On the first day of orientation at Columbia Business School, our Dean delivered a speech that I am sure is approximately the same speech rattled off at Business Schools around the country.
- Step 1) Inflate the incoming students’ egos: “best and brightest” references abound.
- Step 2) Convince new students that [insert school] has the best resources and network in the world
- Step 3) Pull the two together and end with a charge like “you are the future leaders of business, now go change the world.”
Perhaps it’s a bit formulaic, but that doesn’t necessarily mean it’s not true. I, like everyone, left a good job that I enjoyed to come to Business School because I saw it as a way to amplify my potential. I didn’t take the time to define “potential,” but if I did I think it would’ve been some combination of skills, status, salary, and this nebulous idea of making the world a better place. So walking out of that auditorium, I felt more assured in my decision to leave the working world for a two year detour in b-school. A mere $200k and two years of foregone salary is a pretty small investment to change the world, right?
All you have to do from there is figure out how exactly you want to change the world. The task seems a little less daunting because of the certainty with which it was presented in orientation, but then things start happening really fast. You’re whisked away to a few accounting classes: debits on the left, credits on the right…got it, brush up on the basics of stats then tell yourself you will hire an analyst to do the complex stuff, then you try to find the bottleneck in cranberry production, and suddenly you look up and realize that all your classmates are wearing suits to class…which can only mean one thing: it’s already recruiting season. In the weeks or months before you start recruiting, it is a near certainty that you didn’t take advantage of all the resources you wanted to, didn’t explore all the different industries or have all the coffee chats you wanted to, and now you have to make the biggest decision of your first year: where should I intern?
I can’t speak for everyone, but here was my thought process for choosing my internship, and my experience at Inspiring Capital. I came from a pretty traditional finance background. My main goal for the summer was to branch out from finance and find a job that allowed me to apply and further develop the tactical business skills I had been learning. As I began to look at different options, the aforementioned nebulous feeling of wanting to make the world a better place became more prominent. Ultimately I accepted an offer with Inspiring Capital; I really liked their pitch: aligning business professionals and high-potential, purpose-driven organizations. Sounded great on paper, but because your one summer internship is such a scarce resource, I had a lot of questions: I don’t have any social impact experience, can I really get a good feel for the sector in 10 weeks? Will I actually get to work on high-level business problems? And, will my experience this summer help me practically and translate into a good story to get a full-time job?

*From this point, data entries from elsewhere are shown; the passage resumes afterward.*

lemma lcg_maximally_distant_leaf:
  assumes "lcg_vert n k u" "lcg_vert n k v" "lcg.maximally_distant u v"
  shows "length v = k \<and> last v \<noteq> 0"
proof (rule ccontr)
  assume not_leaf: "\<not> (length v = k \<and> last v \<noteq> 0)"
  obtain p a where v: "v = p @ [a]" using lcg_vert_nonempty[OF assms(2)] rev_exhaust by blast
  have "length v \<le> k" using lcg_vert_length_le assms(2) .
  obtain y where "lcg_adj n k v y" "lcg_dist n v u < lcg_dist n y u"
  proof (cases "lcg_vert n k (v @ [0])")
    case True
    then show ?thesis using lcg_farther_neighbor_of_parent[OF assms(2) True] that by blast
  next
    case False
    then have no_child: "\<not> ((length v = 1 \<or> last v \<noteq> 0) \<and> length v < k)"
      using lcg_vert_snoc[of v n k 0] lcg_vert_nonempty[OF assms(2)] assms(2) n3 by auto
    then have "last v = 0" using not_leaf \<open>length v \<le> k\<close> by fastforce
    moreover have "length v \<noteq> 1" using no_child k2 by auto
    ultimately have "a = 0" "p \<noteq> []" using v by auto
    then have "lcg_vert n k (p @ [0])" using assms(2) v by simp
    then obtain y where "lcg_adj n k (p @ [0]) y" "lcg_dist n (p @ [0]) u < lcg_dist n y u"
      using lcg_farther_neighbor_of_head[OF assms(1)] \<open>p \<noteq> []\<close> by blast
    then show ?thesis using that v \<open>a = 0\<close> by simp
  qed
  then show False using assms(3) unfolding lcg.maximally_distant_def by (meson not_le)
qed

lemma lcg_maximally_distant_same_cycle_iff:
  assumes "q \<in> lcg_leaf_cycles n k" "a < n" "1 \<le> b" "b < n"
  shows "lcg.maximally_distant (q @ [a]) (q @ [b]) \<longleftrightarrow> n \<le> 2 * cyc_dist n a b + 1"
proof
  assume md: "lcg.maximally_distant (q @ [a]) (q @ [b])"
  show "n \<le> 2 * cyc_dist n a b + 1"
  proof (rule ccontr)
    assume "\<not> ?thesis"
    then obtain b' where "lcg_adj n k (q @ [b]) (q @ [b'])" "cyc_dist n a b' = cyc_dist n a b + 1"
      using lcg_cycle_step_away[OF n3 lcg_leaf_cycle_vert[OF k2 assms(1,4)] assms(2)] by auto
    moreover have "lcg_dist n (q @ [b']) (q @ [a]) \<le> lcg_dist n (q @ [b]) (q @ [a])"
      if "lcg_adj n k (q @ [b]) (q @ [b'])"
      using md that unfolding lcg.maximally_distant_def by blast
    ultimately show False unfolding lcg_dist_same_cycle by (simp add: cyc_dist_sym)
  qed
next
  assume far: "n \<le> 2 * cyc_dist n a b + 1"
  show "lcg.maximally_distant (q @ [a]) (q @ [b])" unfolding lcg.maximally_distant_def
  proof (intro allI impI)
    fix y assume "lcg_adj n k (q @ [b]) y"
    then obtain b' where y: "y = q @ [b']" "b' < n" using lcg_adj_leaf k2 assms(1,3) by blast
    then have "2 * cyc_dist n b' a \<le> n" using cyc_dist_le_half assms(2) by blast
    then have "cyc_dist n b' a \<le> cyc_dist n b a" using far cyc_dist_sym[of n a b] by linarith
    then show "lcg_dist n y (q @ [a]) \<le> lcg_dist n (q @ [b]) (q @ [a])"
      unfolding y(1) lcg_dist_same_cycle .
  qed
qed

After completing the summer at Inspiring Capital, I feel quite comfortable answering “yes” to all of those questions. In our cohort of 10 MBAs and 7 Undergrads, we had a wide-range of experience in the social sector. Some people had worked at nonprofits, some had started nonprofits, and some, like me, just had an interest in the sector. Over the course of the summer, we heard from dozens of speakers, ranging from social enterprise entrepreneurs, to impact investors, to Directors of nonprofits. Through the summer, we got a pretty holistic view of the sector, and you start piecing together trends and better understanding the nuances of problems that continue to pop up like scalability, impact measurement, and sustainability.
As for my actual project, I, along with my undergrad partner Marissa, worked with GSMA, a nonprofit representing the interests of about 800 mobile operators globally. One of GSMA’s goals is to ensure that everyone in developing markets has access to mobile phones and to understand how people’s lives can be improved through that access. My project was to help GSMA think about how to better engage mobile operators and local entrepreneurs in Africa, Asia, and the Middle East to build a global innovation network. This seemed like, and was, a huge undertaking, but it was also really valuable experience. I wasn’t a spectator/PowerPoint-formatter on a project, I was the one talking to the client, driving the project forward, and executing the vision. Over the course of the summer I found myself at pitch nights for startups in Silicon Valley, on calls with entrepreneurs and CEOs in Korea, Kenya, and Ghana, discussing the funding landscape with VCs in China and the UAE, and ultimately in London delivering our results to GSMA leadership. It was a really fun experience to be a small part of GSMA’s expansion into the innovation ecosystem in various emerging markets…be on the lookout for accelerators, incubators, meetups, and VC funds from GSMA soon!
The line between traditional business and the impact sector is blurring as consumers, employees, and investors demand more from companies, while nonprofits and impact-first investors are placing greater focus on using funds efficiently and financial sustainability. I’m generally not much help when people ask me whether they should do “social impact” internships, but I do know that I certainly don’t felt like I sacrificed a chance to gain real business experience by joining Inspiring Capital. As for the challenge to go change the world…the world will inevitably change an unimaginable amount over the course of our careers, but I think my Business School experience, in large part because of Inspiring Capital, has prepared me to be a more thoughtful observer of that change and hopefully a more active participant.